[Data to process Boundary: Start]

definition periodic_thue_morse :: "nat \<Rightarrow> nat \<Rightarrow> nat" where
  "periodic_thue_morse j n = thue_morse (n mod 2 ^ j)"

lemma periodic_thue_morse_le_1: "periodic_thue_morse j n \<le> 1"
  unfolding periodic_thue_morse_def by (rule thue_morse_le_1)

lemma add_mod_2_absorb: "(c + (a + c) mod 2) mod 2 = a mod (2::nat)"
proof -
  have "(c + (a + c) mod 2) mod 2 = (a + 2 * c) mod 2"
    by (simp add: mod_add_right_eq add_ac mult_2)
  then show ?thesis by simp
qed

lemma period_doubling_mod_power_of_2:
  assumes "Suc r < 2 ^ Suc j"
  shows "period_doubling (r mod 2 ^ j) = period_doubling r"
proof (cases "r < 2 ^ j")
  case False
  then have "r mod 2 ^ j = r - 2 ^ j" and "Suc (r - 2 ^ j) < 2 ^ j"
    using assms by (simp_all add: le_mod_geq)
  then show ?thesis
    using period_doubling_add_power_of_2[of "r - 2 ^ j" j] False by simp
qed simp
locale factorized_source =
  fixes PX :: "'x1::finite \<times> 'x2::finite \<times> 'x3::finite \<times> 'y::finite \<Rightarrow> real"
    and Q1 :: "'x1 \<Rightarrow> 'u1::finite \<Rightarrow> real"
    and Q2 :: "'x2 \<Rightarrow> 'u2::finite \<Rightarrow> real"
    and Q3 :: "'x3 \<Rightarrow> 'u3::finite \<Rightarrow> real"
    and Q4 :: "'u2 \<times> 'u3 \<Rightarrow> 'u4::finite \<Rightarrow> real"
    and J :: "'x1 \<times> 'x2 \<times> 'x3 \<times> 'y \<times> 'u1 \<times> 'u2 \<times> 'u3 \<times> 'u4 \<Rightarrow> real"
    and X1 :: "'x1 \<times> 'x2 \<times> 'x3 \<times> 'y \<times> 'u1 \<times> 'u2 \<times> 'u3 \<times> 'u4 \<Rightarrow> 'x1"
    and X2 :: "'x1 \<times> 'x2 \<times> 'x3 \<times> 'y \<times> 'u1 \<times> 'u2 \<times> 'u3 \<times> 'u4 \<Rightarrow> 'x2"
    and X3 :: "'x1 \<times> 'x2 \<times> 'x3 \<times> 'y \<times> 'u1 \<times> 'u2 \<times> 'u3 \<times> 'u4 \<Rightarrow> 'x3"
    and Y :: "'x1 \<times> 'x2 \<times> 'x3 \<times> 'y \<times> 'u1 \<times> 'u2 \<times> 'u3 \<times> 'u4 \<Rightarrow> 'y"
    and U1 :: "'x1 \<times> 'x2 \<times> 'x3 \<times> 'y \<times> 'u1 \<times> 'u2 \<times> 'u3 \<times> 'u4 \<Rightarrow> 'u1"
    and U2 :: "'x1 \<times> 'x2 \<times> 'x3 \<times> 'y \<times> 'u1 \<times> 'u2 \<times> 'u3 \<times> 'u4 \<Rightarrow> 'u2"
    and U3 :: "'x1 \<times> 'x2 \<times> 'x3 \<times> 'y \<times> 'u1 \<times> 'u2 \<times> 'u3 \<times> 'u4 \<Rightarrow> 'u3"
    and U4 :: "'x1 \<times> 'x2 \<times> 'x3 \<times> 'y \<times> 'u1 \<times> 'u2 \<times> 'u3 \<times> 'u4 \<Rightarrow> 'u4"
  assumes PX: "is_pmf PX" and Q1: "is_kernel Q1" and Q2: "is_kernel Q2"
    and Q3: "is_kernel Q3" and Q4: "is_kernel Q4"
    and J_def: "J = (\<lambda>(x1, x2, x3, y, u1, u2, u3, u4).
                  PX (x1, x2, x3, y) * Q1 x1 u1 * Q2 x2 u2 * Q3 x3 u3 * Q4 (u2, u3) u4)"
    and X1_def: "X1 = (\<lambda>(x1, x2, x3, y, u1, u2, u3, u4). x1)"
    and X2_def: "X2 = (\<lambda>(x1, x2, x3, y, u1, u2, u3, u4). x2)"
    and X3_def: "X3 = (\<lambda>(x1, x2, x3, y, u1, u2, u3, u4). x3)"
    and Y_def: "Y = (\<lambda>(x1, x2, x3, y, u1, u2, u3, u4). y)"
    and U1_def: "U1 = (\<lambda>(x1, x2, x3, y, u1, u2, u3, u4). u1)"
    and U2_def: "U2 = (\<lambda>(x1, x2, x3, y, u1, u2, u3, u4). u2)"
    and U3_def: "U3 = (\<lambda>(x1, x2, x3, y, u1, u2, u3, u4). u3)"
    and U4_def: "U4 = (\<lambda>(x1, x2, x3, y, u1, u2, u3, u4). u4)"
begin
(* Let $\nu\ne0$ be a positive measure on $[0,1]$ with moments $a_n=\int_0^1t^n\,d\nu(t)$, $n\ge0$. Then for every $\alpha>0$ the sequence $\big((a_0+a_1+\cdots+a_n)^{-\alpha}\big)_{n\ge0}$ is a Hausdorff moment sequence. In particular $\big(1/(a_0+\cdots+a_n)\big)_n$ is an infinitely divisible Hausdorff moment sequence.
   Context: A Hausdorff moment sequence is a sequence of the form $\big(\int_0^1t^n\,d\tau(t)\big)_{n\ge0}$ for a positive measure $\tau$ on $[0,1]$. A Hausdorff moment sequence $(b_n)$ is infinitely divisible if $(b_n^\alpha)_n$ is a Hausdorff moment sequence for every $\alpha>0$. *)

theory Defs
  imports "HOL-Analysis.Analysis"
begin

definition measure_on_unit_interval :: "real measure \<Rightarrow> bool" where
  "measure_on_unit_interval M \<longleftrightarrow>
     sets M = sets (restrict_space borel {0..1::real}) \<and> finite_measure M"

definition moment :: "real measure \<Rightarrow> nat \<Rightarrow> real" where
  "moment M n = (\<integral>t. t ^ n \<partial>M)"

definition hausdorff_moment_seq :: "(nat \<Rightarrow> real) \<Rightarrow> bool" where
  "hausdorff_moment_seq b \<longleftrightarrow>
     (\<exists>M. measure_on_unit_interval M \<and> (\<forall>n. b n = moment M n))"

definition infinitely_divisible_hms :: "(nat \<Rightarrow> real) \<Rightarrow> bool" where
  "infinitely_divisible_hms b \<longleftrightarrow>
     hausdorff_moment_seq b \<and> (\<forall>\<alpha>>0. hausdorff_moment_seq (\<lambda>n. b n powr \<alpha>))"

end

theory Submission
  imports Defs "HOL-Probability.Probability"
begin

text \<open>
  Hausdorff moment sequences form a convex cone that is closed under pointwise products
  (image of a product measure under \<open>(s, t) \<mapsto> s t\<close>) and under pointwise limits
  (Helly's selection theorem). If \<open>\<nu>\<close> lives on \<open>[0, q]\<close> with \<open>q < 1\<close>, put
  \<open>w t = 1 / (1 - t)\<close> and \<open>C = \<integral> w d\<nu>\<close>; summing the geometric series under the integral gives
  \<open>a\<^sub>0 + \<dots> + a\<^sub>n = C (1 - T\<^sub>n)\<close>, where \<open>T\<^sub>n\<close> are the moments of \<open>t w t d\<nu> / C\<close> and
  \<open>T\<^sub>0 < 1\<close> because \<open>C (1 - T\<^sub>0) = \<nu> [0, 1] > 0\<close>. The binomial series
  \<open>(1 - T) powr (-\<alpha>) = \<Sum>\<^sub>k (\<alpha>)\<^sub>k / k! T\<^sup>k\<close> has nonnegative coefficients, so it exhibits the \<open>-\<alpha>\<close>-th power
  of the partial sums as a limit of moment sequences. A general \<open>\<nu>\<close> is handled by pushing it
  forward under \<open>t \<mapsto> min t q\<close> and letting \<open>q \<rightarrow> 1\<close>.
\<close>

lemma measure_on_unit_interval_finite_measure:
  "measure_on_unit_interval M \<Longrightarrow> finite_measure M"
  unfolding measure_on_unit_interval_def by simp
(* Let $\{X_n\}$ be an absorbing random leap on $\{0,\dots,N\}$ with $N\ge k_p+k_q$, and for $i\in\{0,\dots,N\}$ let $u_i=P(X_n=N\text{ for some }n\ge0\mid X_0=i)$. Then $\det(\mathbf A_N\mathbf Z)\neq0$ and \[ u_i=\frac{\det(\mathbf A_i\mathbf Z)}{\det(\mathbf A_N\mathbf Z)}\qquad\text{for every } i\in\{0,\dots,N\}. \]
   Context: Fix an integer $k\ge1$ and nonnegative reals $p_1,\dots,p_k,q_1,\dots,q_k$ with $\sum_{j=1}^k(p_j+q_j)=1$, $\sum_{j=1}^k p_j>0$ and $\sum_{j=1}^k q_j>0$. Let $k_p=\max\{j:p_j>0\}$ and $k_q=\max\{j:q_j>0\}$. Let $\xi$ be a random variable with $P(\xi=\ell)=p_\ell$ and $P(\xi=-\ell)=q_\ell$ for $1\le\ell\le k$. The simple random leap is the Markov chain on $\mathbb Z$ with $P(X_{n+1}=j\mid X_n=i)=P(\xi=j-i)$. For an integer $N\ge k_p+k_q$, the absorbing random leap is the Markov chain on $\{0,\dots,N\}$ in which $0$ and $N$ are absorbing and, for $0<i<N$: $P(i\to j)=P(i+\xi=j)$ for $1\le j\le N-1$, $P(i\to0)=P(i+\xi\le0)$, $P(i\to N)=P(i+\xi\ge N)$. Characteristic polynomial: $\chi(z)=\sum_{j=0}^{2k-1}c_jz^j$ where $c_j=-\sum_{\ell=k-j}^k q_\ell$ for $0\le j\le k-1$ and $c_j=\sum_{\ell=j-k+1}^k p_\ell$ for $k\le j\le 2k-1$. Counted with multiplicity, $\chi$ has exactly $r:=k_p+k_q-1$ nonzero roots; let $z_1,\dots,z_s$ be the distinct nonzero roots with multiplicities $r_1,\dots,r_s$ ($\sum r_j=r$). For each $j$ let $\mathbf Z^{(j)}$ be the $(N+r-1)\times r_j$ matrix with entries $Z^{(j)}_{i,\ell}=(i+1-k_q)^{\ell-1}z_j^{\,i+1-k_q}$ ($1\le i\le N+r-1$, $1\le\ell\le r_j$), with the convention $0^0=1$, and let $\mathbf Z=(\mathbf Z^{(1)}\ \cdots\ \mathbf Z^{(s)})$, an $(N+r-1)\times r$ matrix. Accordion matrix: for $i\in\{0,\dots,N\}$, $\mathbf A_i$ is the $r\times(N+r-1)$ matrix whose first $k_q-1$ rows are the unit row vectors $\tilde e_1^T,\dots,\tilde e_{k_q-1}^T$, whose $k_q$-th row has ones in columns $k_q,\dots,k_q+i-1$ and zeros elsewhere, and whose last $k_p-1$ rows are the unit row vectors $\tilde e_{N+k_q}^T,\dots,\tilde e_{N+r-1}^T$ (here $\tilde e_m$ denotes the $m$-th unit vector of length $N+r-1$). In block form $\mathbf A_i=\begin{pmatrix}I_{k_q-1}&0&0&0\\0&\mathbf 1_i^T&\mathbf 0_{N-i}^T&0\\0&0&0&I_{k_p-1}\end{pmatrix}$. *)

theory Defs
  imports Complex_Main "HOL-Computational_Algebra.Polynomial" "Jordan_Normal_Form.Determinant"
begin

[Data to process Boundary: End]

__Directions__. Go through the data and return each line where the word "have" appears.

__Solution__.
  have "(c + (a + c) mod 2) mod 2 = (a + 2 * c) mod 2"
  then have "r mod 2 ^ j = r - 2 ^ j" and "Suc (r - 2 ^ j) < 2 ^ j"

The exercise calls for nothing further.